-------- Data extract --------

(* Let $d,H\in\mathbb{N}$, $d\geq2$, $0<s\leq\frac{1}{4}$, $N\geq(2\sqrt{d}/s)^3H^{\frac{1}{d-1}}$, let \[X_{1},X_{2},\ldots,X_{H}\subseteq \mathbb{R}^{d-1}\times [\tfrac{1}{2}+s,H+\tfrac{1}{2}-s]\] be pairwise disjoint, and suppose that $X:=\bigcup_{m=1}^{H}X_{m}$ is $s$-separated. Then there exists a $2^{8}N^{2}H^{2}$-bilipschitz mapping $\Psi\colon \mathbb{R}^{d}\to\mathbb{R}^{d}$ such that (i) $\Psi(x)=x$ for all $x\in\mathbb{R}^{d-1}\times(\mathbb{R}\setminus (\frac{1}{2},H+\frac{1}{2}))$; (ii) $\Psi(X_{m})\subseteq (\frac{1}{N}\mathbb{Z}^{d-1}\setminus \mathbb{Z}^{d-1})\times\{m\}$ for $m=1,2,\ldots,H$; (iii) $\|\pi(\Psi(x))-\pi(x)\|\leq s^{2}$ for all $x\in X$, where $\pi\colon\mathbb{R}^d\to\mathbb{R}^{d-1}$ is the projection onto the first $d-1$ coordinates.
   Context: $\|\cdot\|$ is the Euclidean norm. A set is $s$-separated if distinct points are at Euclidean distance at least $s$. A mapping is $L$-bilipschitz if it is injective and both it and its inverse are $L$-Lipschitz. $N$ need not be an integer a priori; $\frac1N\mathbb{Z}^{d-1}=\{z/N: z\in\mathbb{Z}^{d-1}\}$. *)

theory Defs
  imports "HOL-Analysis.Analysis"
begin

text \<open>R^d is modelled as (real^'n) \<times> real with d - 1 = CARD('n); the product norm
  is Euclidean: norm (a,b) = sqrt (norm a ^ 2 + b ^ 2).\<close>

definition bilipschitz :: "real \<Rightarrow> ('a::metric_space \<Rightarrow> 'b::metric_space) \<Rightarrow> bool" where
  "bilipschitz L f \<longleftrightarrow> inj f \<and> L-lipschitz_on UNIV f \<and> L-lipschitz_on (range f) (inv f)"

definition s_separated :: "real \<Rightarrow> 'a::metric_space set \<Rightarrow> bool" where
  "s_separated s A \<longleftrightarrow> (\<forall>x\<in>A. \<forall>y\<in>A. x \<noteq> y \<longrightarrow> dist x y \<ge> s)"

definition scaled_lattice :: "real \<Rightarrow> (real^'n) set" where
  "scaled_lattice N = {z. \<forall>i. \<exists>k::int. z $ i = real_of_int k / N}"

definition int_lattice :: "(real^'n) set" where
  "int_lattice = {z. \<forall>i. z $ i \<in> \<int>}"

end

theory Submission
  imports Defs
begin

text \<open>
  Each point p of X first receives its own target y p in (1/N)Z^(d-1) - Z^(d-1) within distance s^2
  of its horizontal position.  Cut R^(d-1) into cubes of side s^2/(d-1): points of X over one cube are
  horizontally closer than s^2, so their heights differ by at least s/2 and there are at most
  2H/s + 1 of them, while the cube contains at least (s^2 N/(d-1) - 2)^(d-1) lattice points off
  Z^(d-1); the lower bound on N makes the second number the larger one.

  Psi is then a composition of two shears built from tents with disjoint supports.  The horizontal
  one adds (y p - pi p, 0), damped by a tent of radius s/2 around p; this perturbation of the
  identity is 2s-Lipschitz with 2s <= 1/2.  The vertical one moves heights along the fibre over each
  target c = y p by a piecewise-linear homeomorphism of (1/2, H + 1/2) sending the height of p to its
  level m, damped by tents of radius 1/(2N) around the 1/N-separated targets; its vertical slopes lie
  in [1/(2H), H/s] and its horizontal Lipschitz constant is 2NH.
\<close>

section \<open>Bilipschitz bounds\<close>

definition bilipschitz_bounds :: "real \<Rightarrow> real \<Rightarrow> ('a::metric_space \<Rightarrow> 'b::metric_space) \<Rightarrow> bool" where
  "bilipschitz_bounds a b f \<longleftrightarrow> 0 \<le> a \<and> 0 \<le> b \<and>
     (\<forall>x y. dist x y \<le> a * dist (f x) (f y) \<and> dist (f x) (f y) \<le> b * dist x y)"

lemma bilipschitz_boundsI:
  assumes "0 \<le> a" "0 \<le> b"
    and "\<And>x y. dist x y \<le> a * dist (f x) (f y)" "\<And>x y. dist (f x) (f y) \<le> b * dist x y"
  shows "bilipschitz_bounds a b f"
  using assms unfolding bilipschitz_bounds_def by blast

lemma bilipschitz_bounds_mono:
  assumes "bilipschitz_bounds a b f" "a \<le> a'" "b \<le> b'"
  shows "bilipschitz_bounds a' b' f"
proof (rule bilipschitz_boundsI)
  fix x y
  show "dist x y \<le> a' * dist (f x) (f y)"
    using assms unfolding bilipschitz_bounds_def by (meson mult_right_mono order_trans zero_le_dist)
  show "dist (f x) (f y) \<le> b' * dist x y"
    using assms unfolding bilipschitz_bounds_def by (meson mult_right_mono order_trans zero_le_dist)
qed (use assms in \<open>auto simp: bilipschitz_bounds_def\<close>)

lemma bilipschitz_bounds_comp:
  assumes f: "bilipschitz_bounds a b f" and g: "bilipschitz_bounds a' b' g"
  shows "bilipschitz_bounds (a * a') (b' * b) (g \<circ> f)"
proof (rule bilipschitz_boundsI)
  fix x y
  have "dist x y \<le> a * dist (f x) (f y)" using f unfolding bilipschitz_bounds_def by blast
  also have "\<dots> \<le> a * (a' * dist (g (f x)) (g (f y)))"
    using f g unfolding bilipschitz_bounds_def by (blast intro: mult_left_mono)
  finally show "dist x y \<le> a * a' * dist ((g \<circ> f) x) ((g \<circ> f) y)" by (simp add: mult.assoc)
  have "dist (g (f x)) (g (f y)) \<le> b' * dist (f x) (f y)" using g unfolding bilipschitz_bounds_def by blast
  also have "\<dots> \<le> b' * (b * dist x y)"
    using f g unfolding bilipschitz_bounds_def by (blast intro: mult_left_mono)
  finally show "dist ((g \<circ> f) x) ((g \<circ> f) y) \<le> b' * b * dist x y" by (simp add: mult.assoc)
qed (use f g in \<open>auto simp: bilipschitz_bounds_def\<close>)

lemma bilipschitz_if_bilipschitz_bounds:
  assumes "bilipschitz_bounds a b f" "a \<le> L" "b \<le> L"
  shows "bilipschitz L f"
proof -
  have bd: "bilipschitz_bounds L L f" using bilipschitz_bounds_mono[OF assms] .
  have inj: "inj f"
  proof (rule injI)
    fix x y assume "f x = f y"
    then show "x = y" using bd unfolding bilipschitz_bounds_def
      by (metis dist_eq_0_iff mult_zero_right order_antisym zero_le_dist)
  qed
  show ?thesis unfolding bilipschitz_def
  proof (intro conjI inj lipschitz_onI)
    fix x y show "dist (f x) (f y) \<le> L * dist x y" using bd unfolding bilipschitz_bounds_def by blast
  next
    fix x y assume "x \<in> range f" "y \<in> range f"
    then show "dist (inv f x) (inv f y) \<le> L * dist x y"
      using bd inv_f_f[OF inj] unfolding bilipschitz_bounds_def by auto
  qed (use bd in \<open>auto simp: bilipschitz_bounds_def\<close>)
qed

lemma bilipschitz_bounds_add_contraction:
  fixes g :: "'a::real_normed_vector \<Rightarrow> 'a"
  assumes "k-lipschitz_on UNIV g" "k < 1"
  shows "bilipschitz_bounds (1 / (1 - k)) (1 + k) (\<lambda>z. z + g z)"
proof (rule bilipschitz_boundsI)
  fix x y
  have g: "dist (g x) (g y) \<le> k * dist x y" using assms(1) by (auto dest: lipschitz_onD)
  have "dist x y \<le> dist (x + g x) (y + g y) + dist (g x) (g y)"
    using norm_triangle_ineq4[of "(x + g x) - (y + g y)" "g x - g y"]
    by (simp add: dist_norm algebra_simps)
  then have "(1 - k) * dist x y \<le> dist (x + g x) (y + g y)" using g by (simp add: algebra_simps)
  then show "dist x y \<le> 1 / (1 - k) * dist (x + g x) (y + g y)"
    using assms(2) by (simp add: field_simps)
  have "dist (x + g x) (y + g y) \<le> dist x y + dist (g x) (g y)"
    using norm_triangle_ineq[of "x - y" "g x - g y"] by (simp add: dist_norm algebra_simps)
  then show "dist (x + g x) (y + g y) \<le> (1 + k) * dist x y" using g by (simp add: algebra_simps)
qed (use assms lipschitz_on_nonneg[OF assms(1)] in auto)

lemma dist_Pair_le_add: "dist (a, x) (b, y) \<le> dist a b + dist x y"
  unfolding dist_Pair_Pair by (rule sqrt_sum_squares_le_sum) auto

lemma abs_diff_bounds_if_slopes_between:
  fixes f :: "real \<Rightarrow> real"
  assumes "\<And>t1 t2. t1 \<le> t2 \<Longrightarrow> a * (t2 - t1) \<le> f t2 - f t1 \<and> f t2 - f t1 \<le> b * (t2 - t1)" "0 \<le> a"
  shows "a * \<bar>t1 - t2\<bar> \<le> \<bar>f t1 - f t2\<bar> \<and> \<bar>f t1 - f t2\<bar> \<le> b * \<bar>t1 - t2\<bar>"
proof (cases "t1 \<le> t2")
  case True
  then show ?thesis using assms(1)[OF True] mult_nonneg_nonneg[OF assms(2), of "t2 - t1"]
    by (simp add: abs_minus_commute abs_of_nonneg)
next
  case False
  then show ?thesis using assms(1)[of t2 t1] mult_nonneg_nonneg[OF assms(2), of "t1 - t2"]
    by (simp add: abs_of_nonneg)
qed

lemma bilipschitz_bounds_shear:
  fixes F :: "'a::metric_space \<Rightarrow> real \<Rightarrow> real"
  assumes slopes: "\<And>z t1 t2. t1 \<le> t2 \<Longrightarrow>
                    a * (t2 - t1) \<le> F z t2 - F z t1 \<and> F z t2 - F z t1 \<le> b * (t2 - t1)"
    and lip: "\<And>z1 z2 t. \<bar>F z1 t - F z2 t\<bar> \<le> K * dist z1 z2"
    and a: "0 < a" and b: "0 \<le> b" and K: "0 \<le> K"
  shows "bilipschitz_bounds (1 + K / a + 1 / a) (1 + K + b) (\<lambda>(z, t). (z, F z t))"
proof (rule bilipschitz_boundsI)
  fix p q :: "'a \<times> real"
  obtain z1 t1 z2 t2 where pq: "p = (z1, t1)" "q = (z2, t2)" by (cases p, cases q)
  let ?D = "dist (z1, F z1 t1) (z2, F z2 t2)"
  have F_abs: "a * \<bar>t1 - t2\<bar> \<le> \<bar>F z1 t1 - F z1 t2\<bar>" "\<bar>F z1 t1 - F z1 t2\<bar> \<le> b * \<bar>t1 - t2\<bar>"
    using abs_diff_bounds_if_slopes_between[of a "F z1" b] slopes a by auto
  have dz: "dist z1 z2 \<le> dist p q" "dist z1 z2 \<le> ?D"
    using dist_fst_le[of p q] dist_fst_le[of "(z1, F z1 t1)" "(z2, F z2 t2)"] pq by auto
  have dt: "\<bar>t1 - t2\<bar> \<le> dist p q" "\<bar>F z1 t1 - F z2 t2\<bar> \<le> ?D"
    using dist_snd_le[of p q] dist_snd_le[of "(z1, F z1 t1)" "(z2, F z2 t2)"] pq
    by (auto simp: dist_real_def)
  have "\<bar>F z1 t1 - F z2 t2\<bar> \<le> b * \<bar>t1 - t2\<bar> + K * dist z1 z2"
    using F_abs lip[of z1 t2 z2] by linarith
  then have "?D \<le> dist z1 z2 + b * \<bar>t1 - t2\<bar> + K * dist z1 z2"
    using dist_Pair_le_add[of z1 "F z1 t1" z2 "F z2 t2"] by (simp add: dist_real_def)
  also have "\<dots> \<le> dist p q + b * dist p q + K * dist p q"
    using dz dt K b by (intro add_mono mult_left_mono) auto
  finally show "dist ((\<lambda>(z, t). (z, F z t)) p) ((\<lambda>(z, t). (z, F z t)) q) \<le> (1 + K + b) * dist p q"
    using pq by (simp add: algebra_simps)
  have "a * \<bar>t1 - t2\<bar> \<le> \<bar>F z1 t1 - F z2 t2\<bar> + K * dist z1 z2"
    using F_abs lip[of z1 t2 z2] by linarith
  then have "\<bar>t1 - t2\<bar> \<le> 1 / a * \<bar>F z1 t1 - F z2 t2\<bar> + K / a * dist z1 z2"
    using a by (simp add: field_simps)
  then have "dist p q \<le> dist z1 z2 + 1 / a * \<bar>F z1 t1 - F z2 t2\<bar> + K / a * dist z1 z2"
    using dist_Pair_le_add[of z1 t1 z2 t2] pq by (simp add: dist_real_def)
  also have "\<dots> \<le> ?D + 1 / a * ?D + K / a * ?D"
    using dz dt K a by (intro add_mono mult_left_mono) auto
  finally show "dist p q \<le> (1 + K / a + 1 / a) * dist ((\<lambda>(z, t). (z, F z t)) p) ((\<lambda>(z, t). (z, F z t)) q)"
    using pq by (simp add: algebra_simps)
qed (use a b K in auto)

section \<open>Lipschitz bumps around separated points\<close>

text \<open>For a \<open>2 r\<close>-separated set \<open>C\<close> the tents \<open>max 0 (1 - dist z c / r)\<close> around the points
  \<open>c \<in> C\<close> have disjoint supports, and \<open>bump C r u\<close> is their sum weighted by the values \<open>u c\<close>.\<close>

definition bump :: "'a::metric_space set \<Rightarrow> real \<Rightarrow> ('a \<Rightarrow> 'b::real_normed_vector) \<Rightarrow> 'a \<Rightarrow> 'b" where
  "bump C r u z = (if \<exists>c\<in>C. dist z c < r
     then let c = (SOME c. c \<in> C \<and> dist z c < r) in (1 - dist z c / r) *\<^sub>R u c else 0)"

--------

[What is needed] Copy out the range of lines above starting at the line with "horizontally closer than" and ending at the line with "Z^(d-1); the lower", exactly and including both.

[Reply]
  horizontally closer than s^2, so their heights differ by at least s/2 and there are at most
  2H/s + 1 of them, while the cube contains at least (s^2 N/(d-1) - 2)^(d-1) lattice points off
  Z^(d-1); the lower bound on N makes the second number the larger one.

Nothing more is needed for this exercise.